The Purchaser shall have the right to assign the Purchaser's right to purchase shares of Common Stock under this Agreement to its affiliate. In the event of such an assignment, the proposed assignee shall be required, as a condition of such assignment, to agree in writing to assume all obligations of the Purchaser hereunder; provided, however, that any such assignment shall not release the Purchaser from any liability hereunder.
1. Purchase, Sale and Delivery of the Common Stock. On the basis of the representations, warranties, covenants and agreements herein contained, and subject to the terms and conditions herein set forth, the Company agrees to sell to the Purchaser and the Purchaser agrees to purchase from the Company one million (1,000,000) shares of the Common Stock (the "Purchased Shares") at a purchase price of $ per share (the "Per Share Price").
Delivery of the payment of the purchase price for the Purchased Shares shall be made at the place determined in accordance with Section 2 of the Underwriting Agreement. Such delivery and payment shall be made at the Closing Date as set forth in such Section 2. Delivery of the Purchased Shares shall be made to the Purchaser against payment by the Purchaser of the purchase price for the Purchased Shares to the order of the Company by certified or official bank check payable in New York Clearing House funds or by wire transfer of immediately available funds to an account designated by the Company.

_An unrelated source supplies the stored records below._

lemma prob_coeff_ge_tendsto_0:
  assumes "0 < c" and "0 < d" and "0 < p" and "p < 1 / 2"
  shows "(\<lambda>i. prob {\<omega> \<in> space M.
    c / real i powr p \<le> \<bar>(a + d * partial_sum i \<omega>) / (1 + real i * d)\<bar>}) \<longlonglongrightarrow> 0"
proof (rule tendsto_sandwich[OF _ _ tendsto_const])
  have "p < 1"
    using assms by simp
  show "eventually (\<lambda>i. prob {\<omega> \<in> space M.
      c / real i powr p \<le> \<bar>(a + d * partial_sum i \<omega>) / (1 + real i * d)\<bar>}
      \<le> 4 * s2 / c\<^sup>2 * real i powr (2 * p - 1)) sequentially"
    using eventually_coeff_ge_imp_partial_sum_ge[OF \<open>0 < c\<close> \<open>0 < d\<close> \<open>p < 1\<close>, of a]
      eventually_ge_at_top[of 1]
  proof eventually_elim
    case (elim i)
    have "0 < c / 2 * real i powr (1 - p)"
      using elim \<open>0 < c\<close> by simp
    have "prob {\<omega> \<in> space M. c / real i powr p \<le> \<bar>(a + d * partial_sum i \<omega>) / (1 + real i * d)\<bar>}
        \<le> prob {\<omega> \<in> space M. c / 2 * real i powr (1 - p) \<le> \<bar>partial_sum i \<omega>\<bar>}"
      using elim by (intro finite_measure_mono) auto
    also have "\<dots> \<le> real i * s2 / (c / 2 * real i powr (1 - p))\<^sup>2"
      using partial_sum_tail_second[OF \<open>0 < c / 2 * real i powr (1 - p)\<close>] .
    also have "\<dots> = 4 * s2 / c\<^sup>2 * real i powr (2 * p - 1)"
      by (rule div_square_powr_eq) (use elim \<open>0 < c\<close> in simp_all)
    finally show ?case .
  qed
  have "(\<lambda>i. real i powr (2 * p - 1)) \<longlonglongrightarrow> 0"
    using assms by (intro tendsto_neg_powr filterlim_real_sequentially) simp
  then show "(\<lambda>i. 4 * s2 / c\<^sup>2 * real i powr (2 * p - 1)) \<longlonglongrightarrow> 0"
    by (rule tendsto_mult_right_zero)
qed simp
lemma closest_congruent_blowup_sequence:
  fixes E :: "'v::finite set set" and p :: "nat \<Rightarrow> real^'n^'v"
  assumes rigid: "\<forall>p::real^'n^'v. p \<in> realizations E dl \<longrightarrow> inf_rigid E p"
    and qs: "qs \<in> realizations E dl" and p: "p \<longlonglongrightarrow> qs"
    and not_realization: "\<And>k. p k \<notin> realizations E dl"
  obtains \<sigma> q y ys t
  where "strict_mono \<sigma>" and "q \<longlonglongrightarrow> qs" and "y \<longlonglongrightarrow> ys" and "t \<longlonglongrightarrow> 0" and "\<And>k. t k > 0"
    and "\<And>k. q k \<in> realizations E dl" and "\<And>k. norm (rigidity_transpose E (q k) (y k)) = 1"
    and "\<And>k. p (\<sigma> k) = q k + t k *\<^sub>R rigidity_transpose E (q k) (y k)"
proof -
  define Q where "Q = closest_point (congruent_configs qs)"
  have Q: "Q x \<in> realizations E dl" for x
    unfolding Q_def
    by (rule realizations_congruent[OF qs closest_point_in_set[OF closed_congruent_configs]])
      (use congruent_configs_self in blast)
  obtain K where "\<And>x. \<exists>y. sgn (x - Q x) = rigidity_transpose E (Q x) y \<and> norm y \<le> K"
    using closest_congruent_normal[OF rigid qs] unfolding Q_def by blast
  then have "\<exists>Y. \<forall>k. sgn (p k - Q (p k)) = rigidity_transpose E (Q (p k)) (Y k) \<and> norm (Y k) \<le> K"
    by (intro choice) blast
  then obtain Y where Y: "\<And>k. sgn (p k - Q (p k)) = rigidity_transpose E (Q (p k)) (Y k)"
    and "\<And>k. norm (Y k) \<le> K" by blast
  then have "bounded (range Y)" by (auto simp: bounded_iff)
  then obtain ys \<sigma> where \<sigma>: "strict_mono \<sigma>" and "(Y \<circ> \<sigma>) \<longlonglongrightarrow> ys"
    using bounded_imp_convergent_subsequence by blast
  have Q_lim: "(\<lambda>k. Q (p k)) \<longlonglongrightarrow> qs"
    unfolding Q_def by (rule tendsto_closest_point[OF closed_congruent_configs congruent_configs_self p])
  have "p k \<noteq> Q (p k)" for k using not_realization Q by metis
  then have "norm (p k - Q (p k)) > 0" for k by simp
  moreover have "norm (rigidity_transpose E (Q (p k)) (Y k)) = 1" for k
    using \<open>p k \<noteq> Q (p k)\<close> unfolding Y[symmetric] by (simp add: norm_sgn)
  moreover have "p k = Q (p k) + norm (p k - Q (p k)) *\<^sub>R rigidity_transpose E (Q (p k)) (Y k)" for k
    using \<open>p k \<noteq> Q (p k)\<close> unfolding Y[symmetric] by (simp add: sgn_div_norm)
  moreover have "(\<lambda>k. norm (p k - Q (p k))) \<longlonglongrightarrow> norm (qs - qs)"
    by (intro tendsto_intros p Q_lim)
  ultimately show ?thesis
    using Q \<sigma> \<open>(Y \<circ> \<sigma>) \<longlonglongrightarrow> ys\<close> LIMSEQ_subseq_LIMSEQ[OF Q_lim \<sigma>]
      LIMSEQ_subseq_LIMSEQ[of "\<lambda>k. norm (p k - Q (p k))" 0, OF _ \<sigma>]
    by (intro that[of \<sigma> "\<lambda>k. Q (p (\<sigma> k))" "Y \<circ> \<sigma>" ys "\<lambda>k. norm (p (\<sigma> k) - Q (p (\<sigma> k)))"])
      (auto simp: o_def)
qed

lemma gradient_lower_bound:
  fixes E :: "'v::finite set set"
  assumes rigid: "\<forall>p::real^'n^'v. p \<in> realizations E dl \<longrightarrow> inf_rigid E p"
  shows "\<exists>r>0. \<exists>c3>0. \<forall>p::real^'n^'v. psi E dl p \<le> r \<longrightarrow>
           (norm (grad (psi E dl) p))\<^sup>2 \<ge> c3 * psi E dl p"
proof (rule ccontr)
  assume "\<not> ?thesis"
  then obtain p :: "nat \<Rightarrow> real^'n^'v" and qs eps where p: "p \<longlonglongrightarrow> qs" and eps: "eps \<longlonglongrightarrow> 0"
    and psi_le: "\<And>k. psi E dl (p k) \<le> eps k"
    and small_grad: "\<And>k. (norm (psi_grad E dl (p k)))\<^sup>2 < eps k * psi E dl (p k)"
    by (rule degenerate_sequence) blast
  have "(\<lambda>k. psi E dl (p k)) \<longlonglongrightarrow> psi E dl qs"
    unfolding psi_eq_residuals residual_def edge_form_def by (intro tendsto_intros p)
  then have "psi E dl qs \<le> 0"
    by (rule tendsto_le[OF trivial_limit_sequentially eps]) (simp add: psi_le)
  then have qs: "qs \<in> realizations E dl"
    using psi_nonneg[of E dl qs] psi_eq_0_iff by fastforce
  have "p k \<notin> realizations E dl" for k
    using small_grad[of k] psi_eq_0_iff[of E dl "p k"] by auto
  then obtain \<sigma> q y ys t where \<sigma>: "strict_mono \<sigma>" and "q \<longlonglongrightarrow> qs" "y \<longlonglongrightarrow> ys" "t \<longlonglongrightarrow> 0"
    "\<And>k. t k > 0" "\<And>k. q k \<in> realizations E dl" "\<And>k. norm (rigidity_transpose E (q k) (y k)) = 1"
    and p_eq: "\<And>k. p (\<sigma> k) = q k + t k *\<^sub>R rigidity_transpose E (q k) (y k)"
    by (rule closest_congruent_blowup_sequence[OF rigid qs p]) blast
  then show False
    using LIMSEQ_subseq_LIMSEQ[OF eps \<sigma>] small_grad[of "\<sigma> _", unfolded p_eq]
    by (intro blowup_contradiction[where eps = "eps \<circ> \<sigma>"]) (auto intro: less_imp_le)
qed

The Purchaser hereby represents and warrants that in connection with its acquisition of shares of Common Stock pursuant to this Agreement, no filings with the Federal Trade Commission and the Department of Justice of notification forms under the Hart-Scott-Rodino Antitrust Improvements Act of 1976, as amended, are required.

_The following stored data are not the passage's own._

lemma trop_value_sym_det3_perm:
  assumes "\<forall>i<3. \<forall>j<3. A i j = A j i" "k < 5"
  shows "trop_value A {0, 1, 2} (sym_det3_perm k) = sym_det3_val A k"
  using assms(2) assms(1)[rule_format, of 2 1] assms(1)[rule_format, of 2 0] assms(1)[rule_format, of 1 0]
  unfolding less_5_cases trop_value_3 sym_det3_perm_def sym_det3_val_def
  by (elim disjE) simp_all

lemma sym_monomial_sym_det3_perm_inj:
  assumes "p < 5" "q < 5" "sym_monomial {0, 1, 2} (sym_det3_perm p) = sym_monomial {0, 1, 2} (sym_det3_perm q)"
  shows "p = q"
proof -
  have "count (sym_monomial {0, 1, 2} (sym_det3_perm p)) {i} = count (sym_monomial {0, 1, 2} (sym_det3_perm q)) {i}"
    for i :: nat
    using assms(3) by simp
  from this[of 0] this[of 1] this[of 2] show ?thesis
    using assms(1,2) unfolding less_5_cases sym_monomial_3 sym_det3_perm_def
    by (elim disjE) simp_all
qed

lemma sym_det3_perm_representative:
  assumes "bij_betw \<rho> {0, 1, 2} {0, 1, 2}" "\<forall>i<3. \<forall>j<3. A i j = A j i"
  shows "\<exists>k<5. trop_value A {0, 1, 2} \<rho> = sym_det3_val A k \<and>
    sym_monomial {0, 1, 2} \<rho> = sym_monomial {0, 1, 2} (sym_det3_perm k)"
proof -
  have \<rho>: "(\<rho> 0, \<rho> 1, \<rho> 2) \<in> {(0, 1, 2), (0, 2, 1), (2, 1, 0), (1, 0, 2), (1, 2, 0), (2, 0, 1)}"
    by (rule bij_betw_3_cases[OF assms(1)])
  define k :: nat where "k = (if \<rho> 0 = 0 then if \<rho> 1 = 1 then 0 else 1
    else if \<rho> 1 = 1 then 2 else if \<rho> 2 = 2 then 3 else 4)"
  have "k < 5" by (simp add: k_def)
  moreover have "trop_value A {0, 1, 2} \<rho> = sym_det3_val A k \<and>
    sym_monomial {0, 1, 2} \<rho> = sym_monomial {0, 1, 2} (sym_det3_perm k)"
    using \<rho> assms(2)[rule_format, of 2 1] assms(2)[rule_format, of 2 0] assms(2)[rule_format, of 1 0]
    unfolding sym_monomial_3 trop_value_3
    by (auto simp: k_def sym_det3_perm_def sym_det3_val_def insert_commute add_mset_commute)
  ultimately show ?thesis by blast
qed
text \<open>The extension is \<open>h \<otimes> a [^] k \<mapsto> \<phi> h * z ^ k\<close> on the subgroup generated by \<open>H\<close> and \<open>a\<close>.\<close>
lemma char_extend_step:
  obtains H' \<chi> where "subgroup H' G" "H \<subseteq> H'" "a \<in> H'" "\<chi> \<in> chars (G\<lparr>carrier := H'\<rparr>)"
    "\<forall>h\<in>H. \<chi> h = \<phi> h" "\<chi> a = z"
proof -
  define H' where "H' = {h \<otimes> a [^] (k::nat) | h k. h \<in> H}"
  define \<chi> where "\<chi> x = (if x \<in> H' then
      (let r = SOME r. fst r \<in> H \<and> x = fst r \<otimes> a [^] (snd r :: nat) in \<phi> (fst r) * z ^ snd r) else 0)" for x
  have \<chi>: "\<chi> (h \<otimes> a [^] k) = \<phi> h * z ^ k" if "h \<in> H" for h and k :: nat
  proof -
    let ?R = "\<lambda>r. fst r \<in> H \<and> h \<otimes> a [^] k = fst r \<otimes> a [^] (snd r :: nat)"
    let ?r = "SOME r. ?R r"
    have r: "?R ?r" using someI[of ?R "(h, k)"] that by simp
    have "h \<otimes> a [^] k \<in> H'" using that unfolding H'_def by blast
    then have "\<chi> (h \<otimes> a [^] k) = \<phi> (fst ?r) * z ^ snd ?r" by (simp add: \<chi>_def Let_def)
    also have "\<dots> = \<phi> h * z ^ k"
      using adjoined_value_well_defined[of "fst ?r" h "snd ?r" k] r that by simp
    finally show ?thesis .
  qed
  have "z ^ n \<noteq> 0" using root \<phi>_nonzero index by simp
  then have z: "z \<noteq> 0" using n by auto
  have "\<chi> \<in> chars (G\<lparr>carrier := H'\<rparr>)"
  proof -
    have "\<chi> (x \<otimes> y) = \<chi> x * \<chi> y" if xy: "x \<in> H'" "y \<in> H'" for x y
    proof -
      obtain h h' and k k' :: nat where hk: "h \<in> H" "h' \<in> H" "x = h \<otimes> a [^] k" "y = h' \<otimes> a [^] k'"
        using xy unfolding H'_def by blast
      moreover have "h \<in> carrier G" "h' \<in> carrier G" using hk H_subset by auto
      ultimately have "x \<otimes> y = (h \<otimes> h') \<otimes> a [^] (k + k')"
        using a by (simp add: m_ac nat_pow_mult[symmetric])
      then show ?thesis
        using hk \<chi> subgroup.m_closed[OF H] \<phi>_mult by (simp add: power_add mult_ac)
    qed
    moreover have "\<chi> x \<noteq> 0" if "x \<in> H'" for x
      using that \<chi> \<phi>_nonzero z unfolding H'_def by auto
    ultimately show ?thesis by (auto simp: \<chi>_def)
  qed
  moreover have "H \<subseteq> H'" "\<forall>h\<in>H. \<chi> h = \<phi> h"
  proof -
    have "h = h \<otimes> a [^] (0::nat)" if "h \<in> H" for h using that H_subset by auto
    then show "H \<subseteq> H'" "\<forall>h\<in>H. \<chi> h = \<phi> h" unfolding H'_def using \<chi>[of _ 0] by (blast, simp)
  qed
  moreover have "a \<in> H'" "\<chi> a = z"
  proof -
    have "a = \<one> \<otimes> a [^] (1::nat)" using a by simp
    then show "a \<in> H'" "\<chi> a = z" unfolding H'_def
      using \<chi>[of "\<one>" 1] subgroup.one_closed[OF H] \<phi>_one by (blast, simp)
  qed
  ultimately show ?thesis using that subgroup_adjoined unfolding H'_def by blast
qed

end

end

lemma (in comm_group) char_extend:
  assumes "finite (carrier G)"
  shows "subgroup H G \<Longrightarrow> \<phi> \<in> chars (G\<lparr>carrier := H\<rparr>) \<Longrightarrow> \<exists>\<chi>\<in>chars G. \<forall>h\<in>H. \<chi> h = \<phi> h"
proof (induction "card (carrier G - H)" arbitrary: H \<phi> rule: less_induct)
  case less
  show ?case
  proof (cases "H = carrier G")
    case True
    then show ?thesis using less.prems(2) by (auto simp: chars_def)
  next
    case False
    then obtain a where a: "a \<in> carrier G" "a \<notin> H" using subgroup.subset[OF less.prems(1)] by blast
    obtain n :: nat where n: "0 < n" "\<forall>m. a [^] m \<in> H \<longleftrightarrow> n dvd m"
      using ex_pow_mem_subgroup_iff_dvd[OF assms less.prems(1) a(1)] by blast
    have "\<phi> (a [^] n) \<noteq> 0" using less.prems(2) n(2) by simp
    then have "card {z. z ^ n = \<phi> (a [^] n)} = n" using n(1) by (rule card_nth_roots)
    then have "{z. z ^ n = \<phi> (a [^] n)} \<noteq> {}" using n(1) by force
    then obtain z where "z ^ n = \<phi> (a [^] n)" by blast
    then obtain H' \<chi>' where H': "subgroup H' G" "H \<subseteq> H'" "a \<in> H'"
      "\<chi>' \<in> chars (G\<lparr>carrier := H'\<rparr>)" "\<forall>h\<in>H. \<chi>' h = \<phi> h" "\<chi>' a = z"
      by (rule char_extend_step[OF assms less.prems a(1) n(1) n(2)[rule_format]])
    have "card (carrier G - H') < card (carrier G - H)"
      using H'(2,3) a assms by (intro psubset_card_mono) auto
    then obtain \<chi> where "\<chi> \<in> chars G" "\<forall>h\<in>H'. \<chi> h = \<chi>' h"
      using less.hyps[OF _ H'(1,4)] by blast
    then show ?thesis using H'(2,5) by (metis subsetD)
  qed
qed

2. Conditions to the Purchaser's Obligations. The obligations of the Purchaser to purchase and pay for the Purchased Shares shall be subject only to the condition that the Closing under the Underwriting Agreement shall have occurred concurrently with the closing under this Agreement.
3. Effective Date of Agreement; Termination. This Agreement shall become effective upon the effectiveness of the Underwriting Agreement, and shall terminate solely upon the termination of the Underwriting Agreement.

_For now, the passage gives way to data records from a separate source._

lemma rtree_gf_nth: "rtree_gf $ n = (\<Sum>t\<in>plane_trees n. plane_weight t)"
proof -
  let ?A = "{C \<in> rtree_classes. nleaves (rep C) = n}"
  have "\<forall>C\<in>?A. \<forall>D\<in>?A. C \<noteq> D \<longrightarrow> C \<inter> D = {}"
    using quotient_disj[OF equiv_iso_rel] by (auto simp: rtree_classes_def)
  moreover have "\<forall>C\<in>?A. finite C"
    using rtree_class_subset_plane_trees finite_plane_trees finite_subset by blast
  ultimately have "(\<Sum>t\<in>plane_trees n. plane_weight t) = (\<Sum>C\<in>?A. \<Sum>t\<in>C. plane_weight t)"
    using sum.Union_disjoint[of ?A plane_weight] Union_rtree_classes_nleaves[of n] by simp
  also have "\<dots> = (\<Sum>C\<in>?A. (-1) ^ nverts (rep C) / real (card (Aut (rep C))))"
  proof (rule sum.cong[OF refl])
    fix C assume "C \<in> ?A"
    then have "C = iso_class (rep C)" using rtree_classes_rep(2) by blast
    then show "(\<Sum>t\<in>C. plane_weight t) = (-1) ^ nverts (rep C) / real (card (Aut (rep C)))"
      using sum_plane_weight_iso_class[of "rep C"] by simp
  qed
  also have "\<dots> = rtree_gf $ n" by (simp add: rtree_gf_def)
  finally show ?thesis ..
qed

section \<open>The functional equation\<close>

definition plane_forests :: "nat \<Rightarrow> nat \<Rightarrow> ptree list set" where
  "plane_forests k n = {ts. length ts = k \<and> (\<forall>t\<in>set ts. valid_rtree t) \<and> (\<Sum>t\<leftarrow>ts. nleaves t) = n}"

lemma finite_plane_forests: "finite (plane_forests k n)"
proof -
  have "plane_forests k n \<subseteq> {ts. set ts \<subseteq> {t. valid_rtree t \<and> nleaves t \<le> n} \<and> length ts \<le> k}"
    by (auto simp: plane_forests_def member_le_sum_list)
  moreover have "finite {ts. set ts \<subseteq> {t. valid_rtree t \<and> nleaves t \<le> n} \<and> length ts \<le> k}"
    by (rule finite_lists_length_le[OF finite_valid_nleaves_le])
  ultimately show ?thesis by (rule finite_subset)
qed

lemma bij_betw_Cons_plane_forests:
  "bij_betw (\<lambda>(j, t, ts). t # ts)
     (SIGMA j:{0..n}. plane_trees j \<times> plane_forests k (n - j)) (plane_forests (Suc k) n)"
proof (rule bij_betw_imageI)
  show "inj_on (\<lambda>(j, t, ts). t # ts) (SIGMA j:{0..n}. plane_trees j \<times> plane_forests k (n - j))"
    by (rule inj_onI) (auto simp: plane_trees_def)
  show "(\<lambda>(j, t, ts). t # ts) ` (SIGMA j:{0..n}. plane_trees j \<times> plane_forests k (n - j))
      = plane_forests (Suc k) n"
  proof (intro equalityI subsetI)
    fix us assume "us \<in> plane_forests (Suc k) n"
    then obtain t ts where "us = t # ts" "(nleaves t, t, ts) \<in> (SIGMA j:{0..n}. plane_trees j \<times> plane_forests k (n - j))"
      by (cases us) (auto simp: plane_trees_def plane_forests_def)
    then show "us \<in> (\<lambda>(j, t, ts). t # ts) ` (SIGMA j:{0..n}. plane_trees j \<times> plane_forests k (n - j))"
      by force
  qed (auto simp: plane_trees_def plane_forests_def)
qed

lemma rtree_gf_power_nth: "(rtree_gf ^ k) $ n = (\<Sum>ts\<in>plane_forests k n. \<Prod>t\<leftarrow>ts. plane_weight t)"
proof (induction k arbitrary: n)
  case 0
  have "plane_forests 0 n = (if n = 0 then {[]} else {})" by (auto simp: plane_forests_def)
  then show ?case by simp
next
  case (Suc k)
  have "(rtree_gf ^ Suc k) $ n = (\<Sum>j=0..n. rtree_gf $ j * (rtree_gf ^ k) $ (n - j))"
    by (simp add: fps_mult_nth)
  also have "\<dots> = (\<Sum>j=0..n. \<Sum>(t, ts)\<in>plane_trees j \<times> plane_forests k (n - j).
                    plane_weight t * (\<Prod>u\<leftarrow>ts. plane_weight u))"
    by (simp add: rtree_gf_nth Suc.IH sum_product sum.cartesian_product)
  also have "\<dots> = (\<Sum>(j, t, ts)\<in>(SIGMA j:{0..n}. plane_trees j \<times> plane_forests k (n - j)).
                    \<Prod>u\<leftarrow>t # ts. plane_weight u)"
    by (subst sum.Sigma) (auto simp: finite_plane_trees finite_plane_forests case_prod_unfold)
  also have "\<dots> = (\<Sum>ts\<in>plane_forests (Suc k) n. \<Prod>t\<leftarrow>ts. plane_weight t)"
    using sum.reindex_bij_betw[OF bij_betw_Cons_plane_forests, of "\<lambda>ts. \<Prod>t\<leftarrow>ts. plane_weight t"]
    by (simp add: case_prod_unfold)
  finally show ?case .
qed

lemma prod_list_plane_weight:
  "(\<Prod>t\<leftarrow>ts. plane_weight t) = (-1) ^ (\<Sum>t\<leftarrow>ts. nverts t) / real (\<Prod>t\<leftarrow>ts. child_orderings t)"
  by (induction ts) (simp_all add: plane_weight_def power_add)

lemma plane_weight_PNode:
  "ts \<noteq> [] \<Longrightarrow> plane_weight (PNode ts) = - (\<Prod>t\<leftarrow>ts. plane_weight t) / fact (length ts)"
  unfolding prod_list_plane_weight by (simp add: plane_weight_def nverts_PNode)

lemma PNode_in_plane_trees_iff:
  "PNode ts \<in> plane_trees n \<longleftrightarrow> (ts = [] \<and> n = 1) \<or> (\<exists>k\<in>{2..n}. ts \<in> plane_forests k n)"
proof (cases "ts = []")
  case False
  have "length ts \<le> (\<Sum>t\<leftarrow>ts. nleaves t)"
    using length_le_nleaves_PNode[of ts] False by (simp add: nleaves_PNode)
  moreover have "length ts \<noteq> 0" using False by simp
  then have "length ts \<noteq> 1 \<longleftrightarrow> 2 \<le> length ts" by arith
  ultimately show ?thesis
    using False by (auto simp: plane_trees_def plane_forests_def valid_rtree_PNode nleaves_PNode)
qed (auto simp: plane_trees_def plane_forests_def nleaves_PNode valid_rtree_PNode)

lemma rtree_gf_nth_recursion:
  "rtree_gf $ n = (if n = 1 then 1 else 0) - (\<Sum>k=2..n. (rtree_gf ^ k) $ n / fact k)"
proof -
  let ?F = "\<lambda>k. plane_forests k n"
  have split: "plane_trees n = (if n = 1 then {PNode []} else {}) \<union> PNode ` (\<Union>k\<in>{2..n}. ?F k)"
  proof (intro set_eqI)
    fix t
    show "t \<in> plane_trees n \<longleftrightarrow> t \<in> (if n = 1 then {PNode []} else {}) \<union> PNode ` (\<Union>k\<in>{2..n}. ?F k)"
      using PNode_in_plane_trees_iff by (cases t) auto
  qed
  have disjoint: "(if n = 1 then {PNode []} else {}) \<inter> PNode ` (\<Union>k\<in>{2..n}. ?F k) = {}"
    by (auto simp: plane_forests_def)
  have "rtree_gf $ n = (if n = 1 then 1 else 0) + (\<Sum>t\<in>PNode ` (\<Union>k\<in>{2..n}. ?F k). plane_weight t)"
    unfolding rtree_gf_nth split using disjoint
    by (subst sum.union_disjoint) (auto simp: finite_plane_forests plane_weight_def nverts_PNode)
  also have "(\<Sum>t\<in>PNode ` (\<Union>k\<in>{2..n}. ?F k). plane_weight t)
      = (\<Sum>ts\<in>(\<Union>k\<in>{2..n}. ?F k). plane_weight (PNode ts))"
    by (simp add: sum.reindex inj_on_def)
  also have "\<dots> = (\<Sum>k=2..n. \<Sum>ts\<in>?F k. plane_weight (PNode ts))"
    by (rule sum.UNION_disjoint) (simp, simp add: finite_plane_forests, auto simp: plane_forests_def)
  also have "\<dots> = (\<Sum>k=2..n. - (rtree_gf ^ k) $ n / fact k)"
  proof (rule sum.cong[OF refl])
    fix k assume k: "k \<in> {2..n}"
    have "(\<Sum>ts\<in>?F k. plane_weight (PNode ts)) = (\<Sum>ts\<in>?F k. - (\<Prod>t\<leftarrow>ts. plane_weight t) / fact k)"
    proof (rule sum.cong[OF refl])
      fix ts assume "ts \<in> ?F k"
      then have len: "length ts = k" by (simp add: plane_forests_def)
      then have "ts \<noteq> []" using k by auto
      then show "plane_weight (PNode ts) = - (\<Prod>t\<leftarrow>ts. plane_weight t) / fact k"
        using len by (simp add: plane_weight_PNode)
    qed
    then show "(\<Sum>ts\<in>?F k. plane_weight (PNode ts)) = - (rtree_gf ^ k) $ n / fact k"
      by (simp add: rtree_gf_power_nth sum_divide_distrib sum_negf)
  qed
  finally show ?thesis by (simp add: sum_negf)
qed

lemma fps_exp_minus_one_compose_rtree_gf: "(fps_exp 1 - 1) oo rtree_gf = fps_X"
proof (rule fps_ext)
  fix n
  show "((fps_exp 1 - 1) oo rtree_gf) $ n = fps_X $ n"
  proof (cases "n = 0")
    case False
    have "((fps_exp 1 - 1) oo rtree_gf) $ n = (\<Sum>k=1..n. (rtree_gf ^ k) $ n / fact k)"
      by (simp add: fps_compose_nth sum.atLeast_Suc_atMost)
    also have "\<dots> = rtree_gf $ n + (\<Sum>k=2..n. (rtree_gf ^ k) $ n / fact k)"
      using False by (simp add: sum.atLeast_Suc_atMost numeral_2_eq_2)
    also have "\<dots> = fps_X $ n"
      by (subst rtree_gf_nth_recursion) simp
    finally show ?thesis .
  qed simp
qed

lemma rtree_gf_eq_fps_ln: "rtree_gf = fps_ln 1"
proof -
  let ?E = "fps_exp (1::real) - 1"
  have gf_0: "rtree_gf $ 0 = 0" using rtree_gf_nth_recursion[of 0] by simp
  have "fps_inv ?E = fps_inv ?E oo (?E oo rtree_gf)"
    by (simp add: fps_exp_minus_one_compose_rtree_gf)
  also have "\<dots> = rtree_gf"
    using fps_compose_assoc[OF gf_0, of ?E "fps_inv ?E"] fps_inv[of ?E] gf_0 by simp
  finally show ?thesis by (simp add: fps_ln_fps_exp_inv)
qed

theorem proposition4p1:
  shows "rtree_gf = fps_ln 1 \<and>
         rtree_gf = Abs_fps (\<lambda>n. if n = 0 then 0 else (-1) ^ (n + 1) / real n)"
proof
  show "rtree_gf = fps_ln 1" by (rule rtree_gf_eq_fps_ln)
  show "rtree_gf = Abs_fps (\<lambda>n. if n = 0 then 0 else (-1) ^ (n + 1) / real n)"
    unfolding rtree_gf_eq_fps_ln
  proof (rule fps_ext)
    show "fps_ln 1 $ n = Abs_fps (\<lambda>n. if n = 0 then 0 else (-1) ^ (n + 1) / real n) $ n" for n
      by (cases n) (simp_all add: fps_ln_nth)
  qed
qed

end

4. Amendment. This Agreement may be amended only with the written consent of the Company, the Purchaser and each of the Underwriters.
5. Parties. Except as set forth in this Section, this Agreement shall inure solely to the benefit of, and shall be binding upon, the Company and the Purchaser and their respective successors and assigns, and no other person shall have or be construed to have any legal or equitable right, remedy or claim under or in respect of or by virtue of this Agreement or any provision therein contained. Notwithstanding anything to the contrary in the foregoing, it is expressly agreed that the Underwriters are intended to be third party beneficiaries of this Agreement and the Underwriters shall be entitled to bring an action for damages or for specific enforcement of this Agreement in the event of any breach of this Agreement by either the Company or the Purchaser.
6. Construction. This Agreement shall be construed in accordance with the internal laws of the State of Nevada.
7. Counterparts. This Agreement may be executed in counterparts, each of which shall be deemed an original and all of which together shall constitute one and the same document.
If the foregoing correctly sets forth the understanding between you and the Company, please so indicate in the space provided below for that purpose, whereupon this letter shall constitute a binding agreement between us.